(Exercise) Starting from the line that holds "C' \<subset> C", print each remaining line of the entries exactly, ending with the last.

---- Records provided

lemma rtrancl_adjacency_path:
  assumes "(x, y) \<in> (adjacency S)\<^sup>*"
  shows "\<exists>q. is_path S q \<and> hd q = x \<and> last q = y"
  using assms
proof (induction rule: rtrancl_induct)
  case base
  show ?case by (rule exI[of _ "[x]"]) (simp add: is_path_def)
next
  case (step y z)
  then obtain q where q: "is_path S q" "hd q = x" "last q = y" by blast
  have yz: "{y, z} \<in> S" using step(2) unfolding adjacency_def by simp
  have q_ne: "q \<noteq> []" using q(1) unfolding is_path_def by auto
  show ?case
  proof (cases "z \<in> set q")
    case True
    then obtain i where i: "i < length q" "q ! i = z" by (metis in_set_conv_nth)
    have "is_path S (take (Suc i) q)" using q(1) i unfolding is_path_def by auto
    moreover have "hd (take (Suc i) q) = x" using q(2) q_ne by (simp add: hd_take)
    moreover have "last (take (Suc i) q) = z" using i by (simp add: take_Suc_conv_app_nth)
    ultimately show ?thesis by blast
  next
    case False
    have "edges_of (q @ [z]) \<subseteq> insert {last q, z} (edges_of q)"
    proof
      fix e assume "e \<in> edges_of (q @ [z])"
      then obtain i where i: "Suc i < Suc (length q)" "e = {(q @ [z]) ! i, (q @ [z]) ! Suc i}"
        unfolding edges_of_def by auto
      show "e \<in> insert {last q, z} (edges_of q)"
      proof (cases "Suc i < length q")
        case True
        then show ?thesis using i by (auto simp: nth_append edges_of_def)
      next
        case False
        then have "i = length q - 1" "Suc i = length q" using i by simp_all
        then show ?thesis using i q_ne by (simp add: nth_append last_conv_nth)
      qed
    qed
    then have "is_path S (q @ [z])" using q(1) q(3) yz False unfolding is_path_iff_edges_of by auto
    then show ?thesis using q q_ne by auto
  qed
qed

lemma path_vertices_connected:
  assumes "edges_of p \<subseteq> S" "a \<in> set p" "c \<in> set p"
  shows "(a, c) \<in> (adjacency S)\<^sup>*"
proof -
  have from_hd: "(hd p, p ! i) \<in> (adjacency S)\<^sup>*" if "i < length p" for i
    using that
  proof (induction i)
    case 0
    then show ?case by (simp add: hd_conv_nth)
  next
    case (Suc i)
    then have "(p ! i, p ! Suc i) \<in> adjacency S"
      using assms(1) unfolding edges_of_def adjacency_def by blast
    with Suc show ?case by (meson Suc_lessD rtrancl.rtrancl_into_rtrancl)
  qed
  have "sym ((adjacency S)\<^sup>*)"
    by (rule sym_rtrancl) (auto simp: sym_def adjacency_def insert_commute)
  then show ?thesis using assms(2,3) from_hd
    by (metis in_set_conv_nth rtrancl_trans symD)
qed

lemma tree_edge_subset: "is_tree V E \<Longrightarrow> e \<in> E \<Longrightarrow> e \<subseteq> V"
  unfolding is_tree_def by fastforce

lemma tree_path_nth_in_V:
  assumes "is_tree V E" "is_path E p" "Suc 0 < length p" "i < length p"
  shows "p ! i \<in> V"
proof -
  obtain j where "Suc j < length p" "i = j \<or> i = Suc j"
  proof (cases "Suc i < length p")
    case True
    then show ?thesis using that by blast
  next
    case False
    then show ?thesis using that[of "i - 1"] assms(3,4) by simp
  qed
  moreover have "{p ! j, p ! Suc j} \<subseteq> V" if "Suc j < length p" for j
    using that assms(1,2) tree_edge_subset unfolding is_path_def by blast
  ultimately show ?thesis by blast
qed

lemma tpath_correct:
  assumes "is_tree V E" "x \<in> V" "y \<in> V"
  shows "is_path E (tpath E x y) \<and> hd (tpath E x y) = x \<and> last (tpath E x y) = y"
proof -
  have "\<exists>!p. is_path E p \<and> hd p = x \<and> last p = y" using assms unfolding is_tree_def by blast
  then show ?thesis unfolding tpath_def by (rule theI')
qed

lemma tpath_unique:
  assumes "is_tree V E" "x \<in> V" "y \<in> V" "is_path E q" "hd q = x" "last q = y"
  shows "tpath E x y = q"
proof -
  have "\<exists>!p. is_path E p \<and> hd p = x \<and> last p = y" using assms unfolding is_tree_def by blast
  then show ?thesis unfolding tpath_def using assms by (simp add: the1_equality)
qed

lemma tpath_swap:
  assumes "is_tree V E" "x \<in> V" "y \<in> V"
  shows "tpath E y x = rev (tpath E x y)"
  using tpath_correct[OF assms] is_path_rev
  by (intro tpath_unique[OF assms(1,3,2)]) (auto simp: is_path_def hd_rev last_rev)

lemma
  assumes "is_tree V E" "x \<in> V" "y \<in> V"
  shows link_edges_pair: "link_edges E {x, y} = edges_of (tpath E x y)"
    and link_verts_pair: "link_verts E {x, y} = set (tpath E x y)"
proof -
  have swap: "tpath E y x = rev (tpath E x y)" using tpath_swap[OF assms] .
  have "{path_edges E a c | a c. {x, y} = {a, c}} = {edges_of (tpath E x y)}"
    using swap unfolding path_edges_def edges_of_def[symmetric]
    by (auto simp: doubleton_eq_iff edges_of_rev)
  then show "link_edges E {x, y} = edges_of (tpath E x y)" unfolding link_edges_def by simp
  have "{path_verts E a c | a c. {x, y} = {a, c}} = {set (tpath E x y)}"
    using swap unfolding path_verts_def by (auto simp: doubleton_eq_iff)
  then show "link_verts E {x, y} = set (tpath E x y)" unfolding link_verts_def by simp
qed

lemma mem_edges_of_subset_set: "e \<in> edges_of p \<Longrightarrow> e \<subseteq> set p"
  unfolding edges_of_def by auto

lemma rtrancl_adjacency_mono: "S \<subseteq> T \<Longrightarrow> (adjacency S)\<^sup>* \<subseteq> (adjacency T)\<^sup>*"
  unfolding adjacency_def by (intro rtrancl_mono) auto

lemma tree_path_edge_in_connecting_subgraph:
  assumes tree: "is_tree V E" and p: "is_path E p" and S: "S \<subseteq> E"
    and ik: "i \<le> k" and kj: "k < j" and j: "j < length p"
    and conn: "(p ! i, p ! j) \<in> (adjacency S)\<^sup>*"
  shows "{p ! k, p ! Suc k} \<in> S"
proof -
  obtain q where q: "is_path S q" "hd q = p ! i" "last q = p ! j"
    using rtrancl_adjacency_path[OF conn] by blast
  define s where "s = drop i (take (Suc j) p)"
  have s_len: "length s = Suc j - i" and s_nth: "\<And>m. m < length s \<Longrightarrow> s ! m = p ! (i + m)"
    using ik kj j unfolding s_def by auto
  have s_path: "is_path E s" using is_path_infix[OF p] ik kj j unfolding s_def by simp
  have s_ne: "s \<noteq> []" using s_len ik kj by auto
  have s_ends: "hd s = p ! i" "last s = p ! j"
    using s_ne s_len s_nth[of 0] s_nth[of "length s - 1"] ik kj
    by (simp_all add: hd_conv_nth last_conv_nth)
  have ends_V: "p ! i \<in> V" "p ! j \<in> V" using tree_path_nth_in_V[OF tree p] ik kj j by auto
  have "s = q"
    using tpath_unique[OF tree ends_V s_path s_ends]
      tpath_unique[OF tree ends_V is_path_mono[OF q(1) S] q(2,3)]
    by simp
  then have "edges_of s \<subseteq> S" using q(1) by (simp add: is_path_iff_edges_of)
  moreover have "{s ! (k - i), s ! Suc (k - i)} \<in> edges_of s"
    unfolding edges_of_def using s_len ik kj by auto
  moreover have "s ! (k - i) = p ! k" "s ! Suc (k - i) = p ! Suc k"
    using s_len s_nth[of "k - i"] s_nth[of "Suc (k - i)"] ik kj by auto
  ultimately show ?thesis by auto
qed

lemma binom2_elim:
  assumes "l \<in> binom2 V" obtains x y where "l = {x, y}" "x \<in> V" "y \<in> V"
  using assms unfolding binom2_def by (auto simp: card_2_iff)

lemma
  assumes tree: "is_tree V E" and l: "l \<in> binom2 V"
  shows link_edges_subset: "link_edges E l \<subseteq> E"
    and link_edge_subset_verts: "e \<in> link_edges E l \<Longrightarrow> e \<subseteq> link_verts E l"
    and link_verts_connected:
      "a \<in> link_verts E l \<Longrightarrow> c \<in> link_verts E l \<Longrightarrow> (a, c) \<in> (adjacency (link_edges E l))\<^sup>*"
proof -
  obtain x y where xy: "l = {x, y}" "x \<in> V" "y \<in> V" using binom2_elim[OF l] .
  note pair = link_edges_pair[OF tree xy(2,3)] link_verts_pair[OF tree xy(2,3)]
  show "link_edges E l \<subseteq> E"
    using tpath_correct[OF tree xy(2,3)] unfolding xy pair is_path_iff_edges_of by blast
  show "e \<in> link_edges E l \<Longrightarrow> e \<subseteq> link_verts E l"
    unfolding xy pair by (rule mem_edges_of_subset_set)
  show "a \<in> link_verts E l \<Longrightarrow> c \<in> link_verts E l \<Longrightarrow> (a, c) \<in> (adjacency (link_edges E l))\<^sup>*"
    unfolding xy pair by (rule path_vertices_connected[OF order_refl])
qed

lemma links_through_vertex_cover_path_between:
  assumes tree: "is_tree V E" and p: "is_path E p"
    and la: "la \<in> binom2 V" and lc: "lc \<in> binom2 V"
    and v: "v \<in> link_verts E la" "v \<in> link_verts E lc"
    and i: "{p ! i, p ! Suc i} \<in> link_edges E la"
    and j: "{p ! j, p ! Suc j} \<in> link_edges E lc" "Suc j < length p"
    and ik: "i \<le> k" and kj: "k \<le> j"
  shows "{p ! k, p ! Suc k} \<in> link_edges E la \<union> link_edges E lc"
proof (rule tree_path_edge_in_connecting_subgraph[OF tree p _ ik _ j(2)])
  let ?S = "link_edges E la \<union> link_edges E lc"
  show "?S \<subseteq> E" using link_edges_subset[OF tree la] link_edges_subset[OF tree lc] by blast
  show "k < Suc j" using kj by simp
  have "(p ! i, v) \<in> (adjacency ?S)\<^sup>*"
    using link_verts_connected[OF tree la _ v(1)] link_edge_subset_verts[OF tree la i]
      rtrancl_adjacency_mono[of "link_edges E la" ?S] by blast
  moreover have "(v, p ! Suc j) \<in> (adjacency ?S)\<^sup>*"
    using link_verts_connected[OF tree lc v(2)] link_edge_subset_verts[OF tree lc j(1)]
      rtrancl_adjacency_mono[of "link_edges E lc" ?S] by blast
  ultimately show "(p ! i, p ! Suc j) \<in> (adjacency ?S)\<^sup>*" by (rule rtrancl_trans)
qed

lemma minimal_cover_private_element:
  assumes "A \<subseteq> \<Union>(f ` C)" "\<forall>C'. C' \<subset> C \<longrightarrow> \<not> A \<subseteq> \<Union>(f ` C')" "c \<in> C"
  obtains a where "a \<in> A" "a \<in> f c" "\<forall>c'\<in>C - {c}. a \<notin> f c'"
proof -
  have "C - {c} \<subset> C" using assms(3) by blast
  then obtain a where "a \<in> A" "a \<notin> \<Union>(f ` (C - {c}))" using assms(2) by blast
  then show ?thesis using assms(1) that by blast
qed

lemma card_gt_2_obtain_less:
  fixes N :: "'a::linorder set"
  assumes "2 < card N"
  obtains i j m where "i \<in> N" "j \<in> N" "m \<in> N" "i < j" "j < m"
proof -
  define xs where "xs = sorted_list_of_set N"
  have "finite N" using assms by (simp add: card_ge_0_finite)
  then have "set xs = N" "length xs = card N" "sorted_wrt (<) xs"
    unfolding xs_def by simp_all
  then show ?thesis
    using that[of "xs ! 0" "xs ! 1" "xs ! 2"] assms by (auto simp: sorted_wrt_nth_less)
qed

--------

(Task result)
  assumes "A \<subseteq> \<Union>(f ` C)" "\<forall>C'. C' \<subset> C \<longrightarrow> \<not> A \<subseteq> \<Union>(f ` C')" "c \<in> C"
  obtains a where "a \<in> A" "a \<in> f c" "\<forall>c'\<in>C - {c}. a \<notin> f c'"
proof -
  have "C - {c} \<subset> C" using assms(3) by blast
  then obtain a where "a \<in> A" "a \<notin> \<Union>(f ` (C - {c}))" using assms(2) by blast
  then show ?thesis using assms(1) that by blast
qed

lemma card_gt_2_obtain_less:
  fixes N :: "'a::linorder set"
  assumes "2 < card N"
  obtains i j m where "i \<in> N" "j \<in> N" "m \<in> N" "i < j" "j < m"
proof -
  define xs where "xs = sorted_list_of_set N"
  have "finite N" using assms by (simp add: card_ge_0_finite)
  then have "set xs = N" "length xs = card N" "sorted_wrt (<) xs"
    unfolding xs_def by simp_all
  then show ?thesis
    using that[of "xs ! 0" "xs ! 1" "xs ! 2"] assms by (auto simp: sorted_wrt_nth_less)
qed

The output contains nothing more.